** EXERCISE BRIEF **
Filter these records by the string "proof", copying each line that holds it.

** DATA FOR THE TASK follows **

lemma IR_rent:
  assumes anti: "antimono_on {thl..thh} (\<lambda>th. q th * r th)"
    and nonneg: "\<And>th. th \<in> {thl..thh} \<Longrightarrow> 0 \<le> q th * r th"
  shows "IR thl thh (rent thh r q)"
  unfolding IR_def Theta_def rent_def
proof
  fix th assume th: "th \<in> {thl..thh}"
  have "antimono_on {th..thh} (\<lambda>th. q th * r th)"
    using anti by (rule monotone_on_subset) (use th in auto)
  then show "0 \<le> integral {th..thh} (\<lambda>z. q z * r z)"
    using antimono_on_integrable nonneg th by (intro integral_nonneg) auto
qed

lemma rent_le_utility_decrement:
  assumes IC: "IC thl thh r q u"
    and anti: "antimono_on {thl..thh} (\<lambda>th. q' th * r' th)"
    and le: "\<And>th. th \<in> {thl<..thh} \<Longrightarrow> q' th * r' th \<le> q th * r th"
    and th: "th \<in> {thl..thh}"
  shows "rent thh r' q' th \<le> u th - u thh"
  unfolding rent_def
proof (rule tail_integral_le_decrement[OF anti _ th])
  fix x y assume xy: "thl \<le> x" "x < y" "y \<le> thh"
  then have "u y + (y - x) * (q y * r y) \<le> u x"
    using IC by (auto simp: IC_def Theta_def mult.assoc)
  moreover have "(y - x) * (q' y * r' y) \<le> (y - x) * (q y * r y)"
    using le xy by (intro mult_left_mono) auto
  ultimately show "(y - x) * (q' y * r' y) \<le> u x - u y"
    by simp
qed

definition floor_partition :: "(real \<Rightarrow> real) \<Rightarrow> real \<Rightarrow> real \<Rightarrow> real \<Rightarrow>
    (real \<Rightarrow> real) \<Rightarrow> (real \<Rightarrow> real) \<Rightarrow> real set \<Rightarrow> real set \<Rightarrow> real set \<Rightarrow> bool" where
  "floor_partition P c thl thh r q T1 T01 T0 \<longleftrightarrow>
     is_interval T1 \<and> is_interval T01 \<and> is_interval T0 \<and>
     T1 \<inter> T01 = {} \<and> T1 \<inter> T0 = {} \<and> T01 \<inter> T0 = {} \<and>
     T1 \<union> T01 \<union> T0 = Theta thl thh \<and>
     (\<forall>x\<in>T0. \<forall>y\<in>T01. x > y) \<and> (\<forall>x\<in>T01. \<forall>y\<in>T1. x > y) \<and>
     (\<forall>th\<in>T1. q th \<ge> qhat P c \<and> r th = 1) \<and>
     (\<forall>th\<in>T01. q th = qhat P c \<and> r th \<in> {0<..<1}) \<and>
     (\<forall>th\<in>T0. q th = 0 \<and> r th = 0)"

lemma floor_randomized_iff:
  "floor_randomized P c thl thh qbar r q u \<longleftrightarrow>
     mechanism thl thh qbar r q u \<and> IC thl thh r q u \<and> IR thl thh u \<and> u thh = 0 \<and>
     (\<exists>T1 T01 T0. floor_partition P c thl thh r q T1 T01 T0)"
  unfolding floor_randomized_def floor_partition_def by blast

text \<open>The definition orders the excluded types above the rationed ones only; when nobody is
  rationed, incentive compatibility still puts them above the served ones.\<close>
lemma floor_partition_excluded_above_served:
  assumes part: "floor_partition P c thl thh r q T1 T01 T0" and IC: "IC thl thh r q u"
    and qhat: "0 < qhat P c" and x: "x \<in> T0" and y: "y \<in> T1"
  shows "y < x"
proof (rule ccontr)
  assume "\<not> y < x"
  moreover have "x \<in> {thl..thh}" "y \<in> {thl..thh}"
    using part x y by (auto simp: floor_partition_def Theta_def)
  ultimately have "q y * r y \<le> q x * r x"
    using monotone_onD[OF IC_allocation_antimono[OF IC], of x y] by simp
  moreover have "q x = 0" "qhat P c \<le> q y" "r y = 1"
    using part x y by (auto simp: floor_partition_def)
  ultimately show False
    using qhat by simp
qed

** End of DATA FOR THE TASK **

** OUTPUT BELOW **
proof
proof (rule tail_integral_le_decrement[OF anti _ th])
proof (rule ccontr)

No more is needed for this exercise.